Он все смотрит через поверженные тополя к селу, на поверженный бурею крест на синем поле.

– Ну, баушка… пойдем-ка ко двору, калачика тебе дадим. – Калачика больно любит! – подмигивает он. – Ну вот и пойдем, калачики будем есть…

Он берет старуху под мышки и подымает с грязи. Вся она мокрая, трясущаяся. Вся она будто знак этих мокрых, темных, пустых полей, тоскующих под ветром. Она пошатывается рядом с Максимом, насилу вытягивает чмокающие башмаки из грязи, резко и неприятно белеют ее синеватые ноги, и видишь не видишь несносимую груду, навалившуюся на эту голову непокрытую. Кто покроет ее? И миллионы других простоволосых голов, которых треплет суровым ветром в пустых полях? Дают копейки в округе на мертвое тело, и будут давать свои копейки.
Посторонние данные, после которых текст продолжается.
lemma particle_log_bound:
  fixes l c K \<tau> :: real and N d :: nat
  assumes "0 < \<tau>" "0 < c" "1 \<le> N" "1 \<le> l" "1 \<le> d"
    and log: "ln (3 * l) \<le> c / (3 * d) * l powr (\<tau> / 2)"
    and K: "3 * d * (1 + 2 / \<tau>) \<le> c * K"
    and KP: "K * (real N * ln (2 + real N)) \<le> l powr \<tau>"
  shows "3 * d * (real N * ln (3 * l)) \<le> c * l powr \<tau>"
proof (cases "l \<le> (2 + real N) powr (2 / \<tau>)")
  case True
  then have "ln l \<le> ln ((2 + real N) powr (2 / \<tau>))"
    using \<open>1 \<le> l\<close> by (subst ln_le_cancel_iff) auto
  also have "\<dots> = 2 / \<tau> * ln (2 + real N)" by simp
  finally have "ln l \<le> 2 / \<tau> * ln (2 + real N)" .
  moreover have "ln 3 \<le> ln (2 + real N)" using \<open>1 \<le> N\<close> by simp
  moreover have "ln (3 * l) = ln 3 + ln l" using \<open>1 \<le> l\<close> by (simp add: ln_mult)
  moreover have "(1 + 2 / \<tau>) * ln (2 + real N) = ln (2 + real N) + 2 / \<tau> * ln (2 + real N)"
    by (simp add: algebra_simps)
  ultimately have "ln (3 * l) \<le> (1 + 2 / \<tau>) * ln (2 + real N)" by linarith
  then have "(3 * d * real N) * ln (3 * l) \<le> (3 * d * real N) * ((1 + 2 / \<tau>) * ln (2 + real N))"
    by (intro mult_left_mono) auto
  then have "3 * d * (real N * ln (3 * l)) \<le> 3 * d * (1 + 2 / \<tau>) * (real N * ln (2 + real N))"
    by (simp add: algebra_simps)
  also have "\<dots> \<le> c * K * (real N * ln (2 + real N))"
    using K by (intro mult_right_mono) auto
  also have "\<dots> \<le> c * l powr \<tau>"
    using KP \<open>0 < c\<close> by (simp add: mult.assoc)
  finally show ?thesis .
next
  case False
  have "2 + real N = ((2 + real N) powr (2 / \<tau>)) powr (\<tau> / 2)"
    using \<open>0 < \<tau>\<close> by (simp add: powr_powr)
  also have "\<dots> \<le> l powr (\<tau> / 2)"
    using False \<open>0 < \<tau>\<close> by (intro powr_mono2) auto
  finally have "real N \<le> l powr (\<tau> / 2)" by simp
  moreover have "0 \<le> ln (3 * l)" using \<open>1 \<le> l\<close> by simp
  ultimately have "3 * d * (real N * ln (3 * l)) \<le> 3 * d * (l powr (\<tau> / 2) * (c / (3 * d) * l powr (\<tau> / 2)))"
    using log by (intro mult_left_mono mult_mono) auto
  also have "\<dots> = c * l powr \<tau>"
    using \<open>1 \<le> d\<close> by (simp add: powr_add[symmetric])
  finally show ?thesis .
qed

lemma prefactor_le_half_exp:
  fixes l m \<tau> \<gamma> \<beta> :: real
  assumes "1 \<le> N" "1 \<le> l"
    and expo: "2 * (real N * ln (real N)) + 3 * (real (N * d) * ln (3 * l)) + (m - m * l powr \<tau>) \<le>
      - (l powr (\<gamma> * \<beta>)) - ln 2"
  shows "(fact N * (2 * l + 1) ^ (N * d))\<^sup>2 * 3 ^ (N * d) * exp (m - m * l powr \<tau>) \<le>
    1 / 2 * exp (- ((l powr \<gamma>) powr \<beta>))"
proof -
  have "(fact N * (2 * l + 1) ^ (N * d))\<^sup>2 * 3 ^ (N * d) * exp (m - m * l powr \<tau>) \<le>
      exp (2 * (real N * ln (real N)) + 3 * (real (N * d) * ln (3 * l))) * exp (m - m * l powr \<tau>)"
    using counting_factor_le_exp[OF assms(1,2), of d] by (intro mult_right_mono) auto
  also have "\<dots> \<le> exp (- (l powr (\<gamma> * \<beta>)) - ln 2)"
    using expo by (simp only: exp_add[symmetric] exp_le_cancel_iff)
  also have "\<dots> = 1 / 2 * exp (- ((l powr \<gamma>) powr \<beta>))"
    by (simp add: powr_powr exp_diff)
  finally show ?thesis .
qed

lemma one_le_nat_mult_ln: "1 \<le> N \<Longrightarrow> 1 \<le> real N * ln (2 + real N)"
proof -
  assume "1 \<le> N"
  have "1 \<le> ln (3::real)" using exp_le by (simp add: ln_ge_iff)
  also have "\<dots> \<le> ln (2 + real N)" using \<open>1 \<le> N\<close> by simp
  finally have "1 * 1 \<le> real N * ln (2 + real N)" using \<open>1 \<le> N\<close> by (intro mult_mono) auto
  then show ?thesis by simp
qed

lemma powr_scale_lower_bounds:
  fixes C K X l \<tau> :: real
  assumes "0 < \<tau>" "0 < K" "1 \<le> X" "1 \<le> C" "K powr (1 / \<tau>) \<le> C" and l: "C * X powr (1 / \<tau>) \<le> l"
  shows "C \<le> l" and "K * X \<le> l powr \<tau>"
proof -
  have "1 \<le> X powr (1 / \<tau>)" using assms by (intro ge_one_powr_ge_zero) auto
  then have "C * 1 \<le> C * X powr (1 / \<tau>)" using \<open>1 \<le> C\<close> by (intro mult_left_mono) auto
  then show "C \<le> l" using l by simp
  have "K = (K powr (1 / \<tau>)) powr \<tau>" using assms by (simp add: powr_powr)
  also have "\<dots> \<le> C powr \<tau>" using assms by (intro powr_mono2) auto
  finally have "K * X \<le> C powr \<tau> * X" using \<open>1 \<le> X\<close> by (intro mult_right_mono) auto
  also have "\<dots> = (C * X powr (1 / \<tau>)) powr \<tau>"
    using assms by (simp add: powr_mult powr_powr)
  also have "\<dots> \<le> l powr \<tau>" using assms by (intro powr_mono2) auto
  finally show "K * X \<le> l powr \<tau>" .
qed

lemma large_scale_condition:
  fixes m \<tau> \<gamma> \<beta> :: real and d :: nat
  assumes "0 < \<gamma> * \<beta>" "\<gamma> * \<beta> < \<tau>" "0 < m" "1 \<le> d"
  obtains C where "\<And>N l. 1 \<le> N \<Longrightarrow> 1 \<le> l \<Longrightarrow> C * (real N * ln (2 + real N)) powr (1 / \<tau>) \<le> l \<Longrightarrow>
    (fact N * (2 * l + 1) ^ (N * d))\<^sup>2 * 3 ^ (N * d) * exp (m - m * l powr \<tau>) \<le>
      1 / 2 * exp (- ((l powr \<gamma>) powr \<beta>))"
proof -
  define c where "c = m / 4"
  have "0 < \<tau>" "0 < c" using assms unfolding c_def by auto
  obtain L where L: "\<And>l. L \<le> l \<Longrightarrow> ln 2 + m \<le> c * l powr \<tau> \<and> l powr (\<gamma> * \<beta>) \<le> c * l powr \<tau> \<and>
      ln (3 * l) \<le> c / (3 * d) * l powr (\<tau> / 2)"
    using large_scale_bounds[of "\<gamma> * \<beta>" \<tau> m "c / (3 * d)"] assms \<open>0 < c\<close> unfolding c_def by auto
  define K where "K = max 2 (3 * d * (1 + 2 / \<tau>)) / c"
  have "0 < K" unfolding K_def using \<open>0 < c\<close> by (simp add: less_max_iff_disj)
  have cK: "2 \<le> c * K" "3 * d * (1 + 2 / \<tau>) \<le> c * K" unfolding K_def using \<open>0 < c\<close> by auto
  define C where "C = max (max 1 L) (K powr (1 / \<tau>))"
  show thesis
  proof (rule that)
    fix N :: nat and l :: real
    assume "1 \<le> N" "1 \<le> l" and lC: "C * (real N * ln (2 + real N)) powr (1 / \<tau>) \<le> l"
    define NL where "NL = real N * ln (2 + real N)"
    have "C \<le> l" and KP: "K * NL \<le> l powr \<tau>"
      using \<open>0 < \<tau>\<close> \<open>0 < K\<close> one_le_nat_mult_ln[OF \<open>1 \<le> N\<close>] _ _ lC unfolding NL_def
      by (rule powr_scale_lower_bounds; simp add: C_def)+
    then have bounds: "ln 2 + m \<le> c * l powr \<tau>" "l powr (\<gamma> * \<beta>) \<le> c * l powr \<tau>"
      "ln (3 * l) \<le> c / (3 * d) * l powr (\<tau> / 2)"
      using L[of l] unfolding C_def by auto
    have "2 * (real N * ln (real N)) \<le> 2 * NL" unfolding NL_def using \<open>1 \<le> N\<close> by simp
    also have "\<dots> \<le> c * (K * NL)"
      using cK(1) one_le_nat_mult_ln[OF \<open>1 \<le> N\<close>] unfolding NL_def
      by (simp add: mult.assoc[symmetric] mult_right_mono)
    also have "\<dots> \<le> c * l powr \<tau>" using KP \<open>0 < c\<close> by (intro mult_left_mono) auto
    finally have "2 * (real N * ln (real N)) \<le> c * l powr \<tau>" .
    moreover have "3 * d * (real N * ln (3 * l)) \<le> c * l powr \<tau>"
      using \<open>0 < \<tau>\<close> \<open>0 < c\<close> \<open>1 \<le> N\<close> \<open>1 \<le> l\<close> \<open>1 \<le> d\<close> bounds(3) cK(2) KP[unfolded NL_def]
      by (rule particle_log_bound)
    ultimately show "(fact N * (2 * l + 1) ^ (N * d))\<^sup>2 * 3 ^ (N * d) * exp (m - m * l powr \<tau>) \<le>
        1 / 2 * exp (- ((l powr \<gamma>) powr \<beta>))"
      using \<open>1 \<le> N\<close> \<open>1 \<le> l\<close> bounds(1,2) unfolding c_def
      by (intro prefactor_le_half_exp) (simp_all add: algebra_simps)
  qed
qed

theorem lemma3p6:
  fixes m \<tau> \<gamma> \<beta> :: real and d :: nat
  assumes "0 < \<beta>" "\<beta> < 1 / \<gamma>" "1 < \<gamma>" "\<gamma> < 2"
    and "max (\<gamma> * \<beta>) (1 / \<gamma>) < \<tau>" "\<tau> < 1"
    and "0 < m" "1 \<le> d"
  shows "\<exists>C::real. \<forall>(N::nat) (lam::real) \<V> \<U> \<Theta> (l::real) a (\<psi>::cfg \<Rightarrow> real) (\<mu>::real).
     1 \<le> N \<longrightarrow> 0 < lam \<longrightarrow> finite {z \<in> pointsZ d. \<U> z \<noteq> 0} \<longrightarrow>
     \<Theta> \<subseteq> conf N d \<longrightarrow> symmetric_set N \<Theta> \<longrightarrow>
     1 \<le> l \<longrightarrow> a \<in> conf N d \<longrightarrow> box N d l a \<subseteq> \<Theta> \<longrightarrow>
     localizing_box N d \<tau> m lam \<V> \<U> l a \<longrightarrow>
     gen_eigenfunction N d lam \<V> \<U> \<Theta> \<psi> \<mu> \<longrightarrow>
     (\<forall>E \<in> spec_restr N d lam \<V> \<U> (box N d l a).
        cmod (complex_of_real \<mu> - E) \<ge> 1/2 * exp (- ((l powr \<gamma>) powr \<beta>))) \<longrightarrow>
     l \<ge> C * (real N * ln (2 + real N)) powr (1 / \<tau>) \<longrightarrow>
     (\<forall>y \<in> inner_part N d \<Theta> (box N d l a) (l powr ((1 + \<tau>) / 2)).
        \<bar>\<psi> y\<bar> \<le> Max (insert 0 ((\<lambda>v. exp (- (m * (1 - 3 * l powr (- (1 - \<tau>) / 2))) * dS N d y v) * \<bar>\<psi> v\<bar>)
                        ` bdry_ex N d \<Theta> (box N d l a))))"
proof -
  have "0 < \<gamma> * \<beta>" "\<gamma> * \<beta> < \<tau>" using assms(1,3,5) by auto
  then obtain C where C: "\<And>N l. 1 \<le> N \<Longrightarrow> 1 \<le> l \<Longrightarrow> C * (real N * ln (2 + real N)) powr (1 / \<tau>) \<le> l \<Longrightarrow>
      (fact N * (2 * l + 1) ^ (N * d))\<^sup>2 * 3 ^ (N * d) * exp (m - m * l powr \<tau>) \<le>
        1 / 2 * exp (- ((l powr \<gamma>) powr \<beta>))"
    using assms(7,8) by (rule large_scale_condition) blast
  show ?thesis
  proof (intro exI[of _ C] allI impI ballI)
    fix N lam \<V> \<U> \<Theta> l a \<psi> \<mu> y
    assume "1 \<le> N" "0 < lam" "finite {z \<in> pointsZ d. \<U> z \<noteq> 0}" "\<Theta> \<subseteq> conf N d" "symmetric_set N \<Theta>"
      "1 \<le> l" "a \<in> conf N d" "box N d l a \<subseteq> \<Theta>" "localizing_box N d \<tau> m lam \<V> \<U> l a"
      "gen_eigenfunction N d lam \<V> \<U> \<Theta> \<psi> \<mu>"
      "\<forall>E \<in> spec_restr N d lam \<V> \<U> (box N d l a). cmod (complex_of_real \<mu> - E) \<ge> 1/2 * exp (- ((l powr \<gamma>) powr \<beta>))"
      "l \<ge> C * (real N * ln (2 + real N)) powr (1 / \<tau>)"
      "y \<in> inner_part N d \<Theta> (box N d l a) (l powr ((1 + \<tau>) / 2))"
    moreover have "l powr (- (1 - \<tau>) / 2) * l powr ((1 + \<tau>) / 2) = l powr \<tau>"
      by (simp add: powr_add[symmetric] field_simps)
    ultimately show "\<bar>\<psi> y\<bar> \<le> Max (insert 0 ((\<lambda>v. exp (- (m * (1 - 3 * l powr (- (1 - \<tau>) / 2))) * dS N d y v) * \<bar>\<psi> v\<bar>)
                        ` bdry_ex N d \<Theta> (box N d l a)))"
      using C assms(7) unfolding weighted_bdry_max_def[symmetric]
      by (intro interior_estimate[where \<delta> = "1 / 2 * exp (- ((l powr \<gamma>) powr \<beta>))"]) auto
  qed
qed

end
lemma first_row_limit:
  fixes \<phi> :: "real \<Rightarrow> real^'n::finite" and B :: "real^'n^'n"
  assumes B0: "v 0 v* B = 0" and Bs: "\<forall>k<n. v (Suc k) v* B = v k"
    and taylor: "little_o_at_0 (Suc n) (\<lambda>h. \<phi> (s + h) - (\<Sum>k\<le>Suc n. h ^ k *\<^sub>R v k))"
  shows "((\<lambda>t. \<bar>t\<bar> ^ n *\<^sub>R (\<phi> (s + inverse t) v* (mat 1 - t *\<^sub>R B))
            - sgn t ^ n *\<^sub>R (v n - v (Suc n) v* B)) \<longlongrightarrow> 0) at_infinity"
proof -
  define R where "R t = t ^ Suc n *\<^sub>R (\<phi> (s + inverse t) - (\<Sum>k\<le>Suc n. inverse t ^ k *\<^sub>R v k))" for t
  have "(R \<longlongrightarrow> 0) at_infinity"
    unfolding R_def using little_o_at_0_at_infinity[OF taylor] by simp
  then have "((\<lambda>t. inverse t *\<^sub>R (v (Suc n) + R t) - R t v* B) \<longlongrightarrow> 0) at_infinity"
    using tendsto_diff[OF tendsto_scaleR[OF tendsto_inverse_0 tendsto_add[OF tendsto_const]]
        bounded_linear.tendsto_zero[OF bounded_linear_vector_matrix_mult]]
    by simp
  then have lim: "((\<lambda>t. sgn t ^ n *\<^sub>R (inverse t *\<^sub>R (v (Suc n) + R t) - R t v* B)) \<longlongrightarrow> 0) at_infinity"
    by (rule tendsto_bounded_scaleR_zero) (unfold power_abs, rule power_le_one, simp_all add: abs_sgn_eq)
  have eq: "\<bar>t\<bar> ^ n *\<^sub>R (\<phi> (s + inverse t) v* (mat 1 - t *\<^sub>R B)) - sgn t ^ n *\<^sub>R (v n - v (Suc n) v* B)
      = sgn t ^ n *\<^sub>R (inverse t *\<^sub>R (v (Suc n) + R t) - R t v* B)" if "t \<noteq> 0" for t
    using shift_matrix_renormalized_row[OF B0 Bs that,
        of "\<phi> (s + inverse t) - (\<Sum>k\<le>Suc n. inverse t ^ k *\<^sub>R v k)"]
    by (simp add: R_def)
  show ?thesis
    by (rule Lim_transform_eventually[OF lim eventually_mono[OF eventually_not_equal_at_infinity eq[symmetric]]])
qed
text \<open>Each \<open>\<sigma>\<^sub>x\<close> is an additive endomorphism of \<open>(B,+)\<close> and \<open>\<sigma>\<^sub>x \<sigma>\<^sub>y = \<sigma>\<^bsub>x\<circ>y\<^esub>\<close>, so for
  central \<open>d\<close> the map \<open>\<sigma>\<^sub>d\<close> commutes with every \<open>\<sigma>\<^sub>x\<close>.  Sums of equivariant maps are
  equivariant, integer multiples are equivariant by additivity, and a constant map is
  equivariant exactly when its value is fixed by all \<open>\<sigma>\<^sub>x\<close>.  Each map of the theorem is
  \<open>\<sigma>\<^sub>d\<close> (with \<open>d\<close> a power of \<open>c\<close>) plus such a constant plus a multiple of the identity.
  The fixed constants come from the doubling condition \<open>2(d\<circ>b) = 2b + 2d\<close>: it is
  inherited by all powers of \<open>c\<close>, and for central \<open>d\<close> it says precisely that
  \<open>\<sigma>\<^sub>y(2d) = 2(d\<circ>y) - 2y = 2d\<close>.\<close>

lemma additive_zsmul: "additive (zsmul n :: 'a::ab_group_add \<Rightarrow> 'a)"
proof
  have iter_add: "((+) (x + y) ^^ k) 0 = ((+) x ^^ k) 0 + ((+) y ^^ k) (0::'a)" for x y k
    by (induction k) (simp_all add: algebra_simps)
  show "zsmul n (x + y) = zsmul n x + zsmul n y" for x y :: 'a
    unfolding zsmul_def by (simp add: iter_add)
qed

lemma (in additive) zsmul_commute: "f (zsmul n x) = zsmul n (f x)"
proof -
  have "f (((+) x ^^ k) 0) = ((+) (f x) ^^ k) 0" for k
    by (induction k) (simp_all add: zero add)
  then show ?thesis
    unfolding zsmul_def by (simp add: minus)
qed

lemma zsmul_0 [simp]: "zsmul 0 x = 0"
  unfolding zsmul_def by simp

lemma zsmul_2: "zsmul 2 x = x + x"
  unfolding zsmul_def by (simp add: numeral_2_eq_2)

lemma zsmul_even: "zsmul (2 * int m) x = zsmul (int m) (x + x)"
proof -
  have "((+) x ^^ (2 * m)) 0 = ((+) (x + x) ^^ m) 0"
    by (induction m) (simp_all add: algebra_simps)
  moreover have "nat (2 * int m) = 2 * m"
    by simp
  ultimately show ?thesis
    unfolding zsmul_def by simp
qed

locale left_brace =
  fixes circ :: "'a::ab_group_add \<Rightarrow> 'a \<Rightarrow> 'a"
  assumes is_brace: "is_brace circ"
begin

lemma brace_law: "circ x (y + z) = circ x y + circ x z - x"
  using is_brace unfolding is_brace_def by blast

lemma circ_zero_right [simp]: "circ x 0 = x"
  using brace_law [of x 0 0] by (simp add: algebra_simps)

lemma group_one_eq_zero:
  assumes "group \<lparr>carrier = UNIV, mult = circ, one = e\<rparr>"
  shows "e = 0"
proof -
  have "circ e 0 = 0"
    using monoid.l_one [OF group.is_monoid [OF assms], of 0] by simp
  then show ?thesis
    by simp
qed

lemma circ_grp_eq: "circ_grp circ = \<lparr>carrier = UNIV, mult = circ, one = 0\<rparr>"
proof -
  obtain e where "group \<lparr>carrier = UNIV, mult = circ, one = e\<rparr>"
    using is_brace unfolding is_brace_def by blast
  then have "group \<lparr>carrier = UNIV, mult = circ, one = 0\<rparr>"
    using group_one_eq_zero by blast
  then have "(THE e. group \<lparr>carrier = UNIV, mult = circ, one = e\<rparr>) = 0"
    using group_one_eq_zero by (rule the_equality)
  then show ?thesis
    unfolding circ_grp_def by simp
qed
lemma vcoefX_snoc_diag: "vcoefX n h (w @ [(a, a)]) = traceless n h a * vcoefX n h w"
proof -
  have "Xmult n (\<lambda>v. vcoef h (u @ v)) [(a, a)] = traceless n h a * vcoef h u" for u
    by (simp add: Xmult_Cons Xlin_diag vcoef_snoc_diag traceless_def
        sum_distrib_right[symmetric] algebra_simps)
  then show ?thesis unfolding vcoefX_eq_Xmult Xmult_append by (simp add: Xmult_mult_left)
qed

section \<open>Path sums\<close>

text \<open>path_sum n F m i j sums F over the words (i, l_1) (l_1, l_2) ... (l_m, j) with all l_r in {1..n}.\<close>
fun path_sum :: "nat \<Rightarrow> ((nat \<times> nat) list \<Rightarrow> 'a::comm_monoid_add) \<Rightarrow> nat \<Rightarrow> nat \<Rightarrow> nat \<Rightarrow> 'a" where
  "path_sum n F 0 i j = F [(i, j)]"
| "path_sum n F (Suc m) i j = (\<Sum>l\<in>{1..n}. path_sum n (\<lambda>w. F ((i, l) # w)) m l j)"

lemma path_sum_add: "path_sum n (\<lambda>w. F w + G w) m i j = path_sum n F m i j + path_sum n G m i j"
  by (induction m arbitrary: F G i) (simp_all add: sum.distrib)

lemma path_sum_diff:
  "path_sum n (\<lambda>w. F w - G w) m i j = path_sum n F m i j - (path_sum n G m i j :: 'a::ab_group_add)"
  by (induction m arbitrary: F G i) (simp_all add: sum_subtractf)

lemma path_sum_mult_left: "path_sum n (\<lambda>w. c * F w) m i j = (c::'a::semiring_0) * path_sum n F m i j"
  by (induction m arbitrary: F i) (simp_all add: sum_distrib_left)

lemma path_sum_zero [simp]: "path_sum n (\<lambda>w. 0) m i j = 0"
  by (induction m arbitrary: i) simp_all

lemma path_sum_if: "path_sum n (\<lambda>w. if c then F w else 0) m i j = (if c then path_sum n F m i j else 0)"
  by (cases c) simp_all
Ходит горе за всеми, к каждому постучаться может и будет долго стучаться непонятно-настойчивое горе: привяжется и не отходит.

II

Вечером Максим заходит потолковать. Который уже раз рассказывает про брата. Самое больное место. Придется принять на себя все семейство, если брат не воротится. Не взять его он не может: человек он совестливый, хоть и очень скупой, к тому же при всех на кухне в минуту прощанья торжественно объявил и даже перекрестился на образа, что в случае там чего принимает на себя все заботы – чтобы не беспокоился. Может быть, это-то и томит Максима, и он не может не думать о будущем и все подгоняет под эту думу, все подготовляет себя и томит неизбежностью.

Он суеверен страшно. Сегодня пришел совсем сумрачный и заявил прямо, что дело плохо: совал письмо в ящик, а оно застряло под крышечкой и сломалось – не хотело пролезть.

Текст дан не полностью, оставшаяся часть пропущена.